Quote Originally Posted by Akiudo View Post
as i really don't get the sentiment, and i'm not trying to start an argument but why do you (its mostly a general question, but you seem to at least try to see the other site which is something a large part of the forum sadly fails at) believe having strong (or in this case allways active) raid buffs should mean lower dps ? i mean lower personal dps of course, thats not a question, but why lower raid dps ? what USE is having a 100% uptime group buff if the buff gives 1000 raid dps if in exchange squares takes 1100 personal dps from me ?
The balance might not be right across roles, but within your role, say you bring 15,000 DPS as a bard (just throwing a number out there, I'm not sure what people should actually expect of bards) and you bring your song buffs that were just added, your mobility, nature's minne, etc. And then say a machinist also does 15,000 DPS but has none of those tools. Then in that case the obvious choice for any forming raid team is to bring the bard and not the machinist. That means they need to calculate in an 8-man group how much extra damage a bard is bringing to the table over that machinist and adjust the numbers accordingly.

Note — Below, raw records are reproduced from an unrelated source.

(* Consider the least-squares approximate policy iteration sequence described in the context, and suppose $m+H-1>\log(\delta_{FV})/\log(1/\alpha)$ (with $\delta_{FV}<\infty$). Define $$\tau:=\frac{\alpha^m+\alpha^{m+H-1}}{1-\alpha}\delta_{FV}+\delta_{app}+\delta_{FV}\epsilon_{PE},\qquad \beta:=\alpha^{m+H-1}\delta_{FV}.$$ Then for every $k\ge1$, $$\|J^{\mu_k}-J^*\|_\infty \le \frac{\alpha^{kH}}{1-\alpha}+\frac{2\alpha^H\|J^{\mu_0}-J_0\|_\infty}{1-\alpha}\,k\,\max(\alpha^H,\beta)^{k-1} + \frac{2\alpha^H\frac{\tau}{1-\beta}+\epsilon_{LA}}{(1-\alpha^H)(1-\alpha)}.$$
   Context: Consider a Markov decision process with finite state space $S$, finite action space $A$, transition probabilities $P_{ij}(a)$, rewards $r(s,a)\in[0,1]$, and discount factor $\alpha\in(0,1)$. A (deterministic stationary) policy is a map $\mu:S\to A$; its value is $J^\mu(s)=E[\sum_{t\ge0}\alpha^t r(s_t,\mu(s_t))\mid s_0=s]$, and $J^*(s)=\max_\mu J^\mu(s)$. For a policy $\mu$, $(T_\mu J)(s)=r(s,\mu(s))+\alpha\sum_j P_{sj}(\mu(s))J(j)$; the Bellman operator is $(TJ)(s)=\max_{a\in A}\{r(s,a)+\alpha\sum_j P_{sj}(a)J(j)\}$; powers denote repeated application. $\|\cdot\|_\infty$ denotes the max norm and the induced matrix norm. Least-squares approximate policy iteration: fix integers $m\ge1$, $H\ge1$, constants $\epsilon_{LA},\epsilon_{PE}\ge0$, a feature matrix $\Phi\in\mathbb{R}^{|S|\times d}$ whose row $i$ is $\phi(i)^\top$, and subsets $D_k\subseteq S$ ($k\ge0$) such that $\{\phi(i)\}_{i\in D_k}$ has rank $d$. Let $\Phi_{D_k}$ be the submatrix of $\Phi$ with rows indexed by $D_k$, $P_k\in\{0,1\}^{|D_k|\times|S|}$ the matrix selecting the coordinates in $D_k$, and $\mathcal{M}_{k+1}:=\Phi(\Phi_{D_k}^\top\Phi_{D_k})^{-1}\Phi_{D_k}^\top P_k$ for $k\ge0$. Start with arbitrary $J_0\in\mathbb{R}^{|S|}$ and an arbitrary policy $\mu_0$. For each $k\ge0$: $\mu_{k+1}$ is any policy with $\|T^HJ_k-T_{\mu_{k+1}}T^{H-1}J_k\|_\infty\le\epsilon_{LA}$; $w_{k+1}\in\mathbb{R}^{|S|}$ is a noise vector with $w_{k+1}(i)=0$ for $i\notin D_k$ and $\|w_{k+1}\|_\infty\le\epsilon_{PE}$; and $J_{k+1}=\mathcal{M}_{k+1}(T^m_{\mu_{k+1}}T^{H-1}J_k+w_{k+1})$ (equivalently $J_{k+1}=\Phi\theta_{k+1}$ where $\theta_{k+1}$ minimizes $\sum_{i\in D_k}((\Phi\theta)(i)-\hat J_{k+1}(i))^2$ with $\hat J_{k+1}=T^m_{\mu_{k+1}}T^{H-1}J_k+w_{k+1}$). Define $\delta_{FV}:=\sup_{k\ge1}\|\mathcal{M}_k\|_\infty$ and $\delta_{app}:=\sup_{k\ge1}\sup_{\mu}\|\mathcal{M}_kJ^\mu-J^\mu\|_\infty$, the inner supremum over all policies. *)

theory Defs
  imports "HOL-Analysis.Analysis"
begin

definition supnorm :: "('s::finite \<Rightarrow> real) \<Rightarrow> real" where
  "supnorm J = Max (range (\<lambda>s. \<bar>J s\<bar>))"

definition opnorm :: "(('s::finite \<Rightarrow> real) \<Rightarrow> ('s \<Rightarrow> real)) \<Rightarrow> real" where
  "opnorm M = Sup {supnorm (M x) | x. supnorm x \<le> 1}"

So let's say over the course of a fight that bard is boosting everyone else's damage by about 1%, and for the same of making the math easy on myself rather than calculate for every role, let's say the other three DPS do 15,000, tanks do 10,000 and healers do 8,000.

In this scenario, you're adding:
150 DPS to the other three DPS jobs for a total of 450
100 DPS to both tanks for a total of 200
80 DPS for both healers for a total of 160

That means, in this situation, for a bard to break even with that machinist, your DPS should be 14,370 instead of 15,000. If your'e higher than that, you've made another job useless. This is a balance that's hard for the developers to create and maintain, especially once they realize that a design for one job has failed making it do more or less damage than they expected it should. Then once they add those buffs to underperforming jobs it can further throw off the balance they're trying to maintain. So in your example, adding 1,000 raid increase while losing 1,100 personal might have just been the best they could do at the time to try to maintain balance, especially considering how the crit buff will scale exponentially to be more powerful over the course of the expansion.

Across roles it becomes more subjective, like I think casters should be able to output higher DPS than ranged physical if the right doesn't require a lot of movement, but that there should be encounters where ranged physical does more because they're more movement intensive. Also it becomes a point of contention like we've seen in the caster DPS community when it comes to questions like how much DPS is a raise worth? Doubly so in fights where that caster never had to use that raise, but still was penalized for having it in their pocket.

Short answer, they have to make jobs that increase the DPS of other party members weaker than those who don't bring those skills otherwise there would be no point to running the ones without. And if they made everyone have access to the same utility, people would complain about jobs all being the same.